---------- INFORMATION SUPPLIED ----------
lemma sum_form_density_telescope:
  assumes "fin_supp u" and N: "\<And>n. n \<ge> N \<Longrightarrow> u n = 0"
  shows "(\<Sum>m<N + 5. form_density \<alpha> \<beta> \<mu> k u m)
         = (\<Sum>m<4. form_density \<alpha> \<beta> \<mu> k u m) - \<i> * of_int k * flux u 3
           + (\<Sum>m\<in>{4..<N + 5}. (2 - 2 * of_real \<mu>) * (u m * cnj (u m)))"
proof -
  let ?d = "\<lambda>m. (2 - 2 * of_real \<mu>) * (u m * cnj (u m))"
  have "(\<Sum>m\<in>{4..<N + 5}. form_density \<alpha> \<beta> \<mu> k u m)
      = (\<Sum>j\<in>{3..<N + 4}. form_density \<alpha> \<beta> \<mu> k u (Suc j))"
    using sum.shift_bounds_Suc_ivl[of "form_density \<alpha> \<beta> \<mu> k u" 3 "N + 4"]
    by (simp add: add.commute)
  also have "\<dots> = (\<Sum>j\<in>{3..<N + 4}. ?d (Suc j))
                    + \<i> * of_int k * (\<Sum>j\<in>{3..<N + 4}. flux u (Suc j) - flux u j)"
    using form_density_eq_divergence[OF assms(1)] by (simp add: sum.distrib sum_distrib_left)
  also have "(\<Sum>j\<in>{3..<N + 4}. flux u (Suc j) - flux u j) = - flux u 3"
    using sum_Suc_diff'[of 3 "N + 4" "flux u"] N by (simp add: flux_def)
  also have "(\<Sum>j\<in>{3..<N + 4}. ?d (Suc j)) = (\<Sum>m\<in>{4..<N + 5}. ?d m)"
    using sum.shift_bounds_Suc_ivl[of ?d 3 "N + 4"] by (simp add: add.commute)
  finally have tail: "(\<Sum>m\<in>{4..<N + 5}. form_density \<alpha> \<beta> \<mu> k u m)
      = (\<Sum>m\<in>{4..<N + 5}. ?d m) - \<i> * of_int k * flux u 3"
    by simp
  have "(\<Sum>m<N + 5. form_density \<alpha> \<beta> \<mu> k u m)
      = (\<Sum>m<4. form_density \<alpha> \<beta> \<mu> k u m)
        + (\<Sum>m\<in>{4..<N + 5}. form_density \<alpha> \<beta> \<mu> k u m)"
    using sum.atLeastLessThan_concat[of 0 4 "N + 5" "form_density \<alpha> \<beta> \<mu> k u"]
    by (simp add: atLeast0LessThan)
  then show ?thesis unfolding tail by (simp add: algebra_simps)
qed

definition herm2_form :: "real \<Rightarrow> real \<Rightarrow> complex \<Rightarrow> complex \<Rightarrow> complex \<Rightarrow> complex" where
  "herm2_form a b c z w = of_real a * z * cnj z + of_real b * w * cnj w + cnj z * c * w + z * cnj c * cnj w"

lemma mult_cnj_self_nonneg: "0 \<le> z * cnj z"
  by (simp add: complex_mult_cnj less_eq_complex_def)

lemma of_real_nonneg_complex: "0 \<le> r \<Longrightarrow> 0 \<le> complex_of_real r"
  by (simp add: less_eq_complex_def)
lemma mat_range_mult_transpose_self:
  assumes P: "P \<in> carrier_mat n k"
  shows "mat_range (P * P\<^sup>T) = mat_range P"
proof
  show "mat_range (P * P\<^sup>T) \<subseteq> mat_range P"
    using mat_range_mult_subset[OF P] P by simp
  show "mat_range P \<subseteq> mat_range (P * P\<^sup>T)"
  proof
    fix u assume "u \<in> mat_range P"
    then obtain x where x: "x \<in> carrier_vec k" and u: "u = P *\<^sub>v x"
      using P unfolding mat_range_def by auto
    have PPT: "P * P\<^sup>T \<in> carrier_mat n n"
      using P by simp
    have "u \<in> mat_range (mat_of_cols n (cols (P * P\<^sup>T)))"
    proof (rule in_mat_range_if_orthogonal_to_orthogonal_complement)
      fix v assume v: "v \<in> carrier_vec n"
        and orth: "\<forall>c \<in> set (cols (P * P\<^sup>T)). c \<bullet> v = 0"
      have "(P * P\<^sup>T) *\<^sub>v v = 0\<^sub>v n"
      proof (rule eq_vecI)
        fix i assume i: "i < dim_vec (0\<^sub>v n)"
        then have "row (P * P\<^sup>T) i = col (P * P\<^sup>T) i"
          using P by (intro eq_vecI) (auto simp: comm_scalar_prod[of _ k])
        then show "((P * P\<^sup>T) *\<^sub>v v) $ i = 0\<^sub>v n $ i"
          using orth i P by (auto simp: cols_def)
      qed (use carrier_matD(1)[OF P] in simp)
      then have "(P\<^sup>T *\<^sub>v v) \<bullet> (P\<^sup>T *\<^sub>v v) = 0"
        using transpose_vec_mult_scalar[OF P _ v, of "P\<^sup>T *\<^sub>v v"] P v by simp
      then have "P\<^sup>T *\<^sub>v v = 0\<^sub>v k"
        using self_scalar_prod_eq_0_iff[of "P\<^sup>T *\<^sub>v v" k] P v by simp
      then show "u \<bullet> v = 0"
        using transpose_vec_mult_scalar[OF P x v] comm_scalar_prod[of u n v] P x v u by simp
    qed (use P PPT x u cols_dim[of "P * P\<^sup>T"] in auto)
    then show "u \<in> mat_range (P * P\<^sup>T)"
      using PPT by (metis carrier_matD(1) mat_of_cols_cols)
  qed
qed

section \<open>Block extended Krylov spaces\<close>

lemma minv_mat:
  assumes A: "A \<in> carrier_mat n n" and inv: "invertible_mat A"
  shows "minv A \<in> carrier_mat n n" "A * minv A = 1\<^sub>m n" "minv A * A = 1\<^sub>m n"
proof -
  obtain B where B: "inverts_mat A B" "inverts_mat B A"
    using inv unfolding invertible_mat_def by auto
  then have "B \<in> carrier_mat n n"
    using A unfolding inverts_mat_def
    by (metis carrier_matD carrier_matI index_mult_mat(2,3) index_one_mat(2,3))
  then have "A \<in> Units (ring_mat TYPE(real) n ())"
    using A B unfolding Units_def inverts_mat_def ring_mat_def by auto
  then obtain C where "mat_inverse A = Some C"
    using mat_inverse(1)[OF A] by fastforce
  then show "minv A \<in> carrier_mat n n" "A * minv A = 1\<^sub>m n" "minv A * A = 1\<^sub>m n"
    using mat_inverse(2)[OF A] unfolding minv_def by auto
qed

lemma pow_mat_Suc_left:
  assumes A: "A \<in> carrier_mat n n"
  shows "A ^\<^sub>m Suc k = A * A ^\<^sub>m k"
proof (induction k)
  case (Suc k)
  have "A ^\<^sub>m Suc (Suc k) = (A * A ^\<^sub>m k) * A"
    using Suc by simp
  also have "\<dots> = A * (A ^\<^sub>m k * A)"
    using A by (simp add: assoc_mult_mat[of _ n n _ n _ n])
  finally show ?case
    by simp
qed (use A in simp)

lemma mult_pow_mat_mult:
  assumes "A \<in> carrier_mat n n" "G \<in> carrier_mat n l"
  shows "A * (A ^\<^sub>m j * G) = A ^\<^sub>m Suc j * G"
  unfolding pow_mat_Suc_left[OF assms(1)]
  using assoc_mult_mat[OF assms(1) pow_carrier_mat[OF assms(1)] assms(2)] by simp

lemma left_inverse_mult_pow_mat_mult:
  assumes A: "A \<in> carrier_mat n n" and B: "B \<in> carrier_mat n n" and BA: "B * A = 1\<^sub>m n"
    and G: "G \<in> carrier_mat n l"
  shows "B * (A ^\<^sub>m Suc j * G) = A ^\<^sub>m j * G"
proof -
  have "B * (A ^\<^sub>m Suc j * G) = B * (A * (A ^\<^sub>m j * G))"
    using mult_pow_mat_mult[OF A G] by simp
  also have "\<dots> = (B * A) * (A ^\<^sub>m j * G)"
    using assoc_mult_mat[OF B A mult_carrier_mat[OF pow_carrier_mat[OF A] G]] by simp
  finally show ?thesis
    using A G BA by simp
qed

lemma
  assumes M: "M \<in> carrier_mat n n" "invertible_mat M" and G: "G \<in> carrier_mat n l"
  shows EK_mat_carrier: "EK_mat m M G \<in> carrier_mat n (dim_col (EK_mat m M G))"
    and set_cols_EK_mat: "set (cols (EK_mat m M G))
      = (\<Union>j<m. set (cols (M ^\<^sub>m j * G)) \<union> set (cols (minv M ^\<^sub>m Suc j * G)))"
proof -
  define vs where
    "vs = concat (map (\<lambda>j. cols (M ^\<^sub>m j * G) @ cols (minv M ^\<^sub>m Suc j * G)) [0..<m])"
  have EK: "EK_mat m M G = mat_of_cols n vs"
    using G unfolding EK_mat_def vs_def by simp
  then show "EK_mat m M G \<in> carrier_mat n (dim_col (EK_mat m M G))"
    by simp
  have "set (cols (M ^\<^sub>m j * G)) \<subseteq> carrier_vec n"
    "set (cols (minv M ^\<^sub>m Suc j * G)) \<subseteq> carrier_vec n" for j
    using cols_dim[of "M ^\<^sub>m j * G"] cols_dim[of "minv M ^\<^sub>m Suc j * G"] M(1) minv_mat(1)[OF M]
    by (simp_all del: pow_mat.simps)
  then have "set vs \<subseteq> carrier_vec n"
    unfolding vs_def by auto
  then show "set (cols (EK_mat m M G))
      = (\<Union>j<m. set (cols (M ^\<^sub>m j * G)) \<union> set (cols (minv M ^\<^sub>m Suc j * G)))"
    unfolding EK vs_def by auto
qed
----------
Every line of the data above that contains the word "rule" should be counted; please give the total alone.

2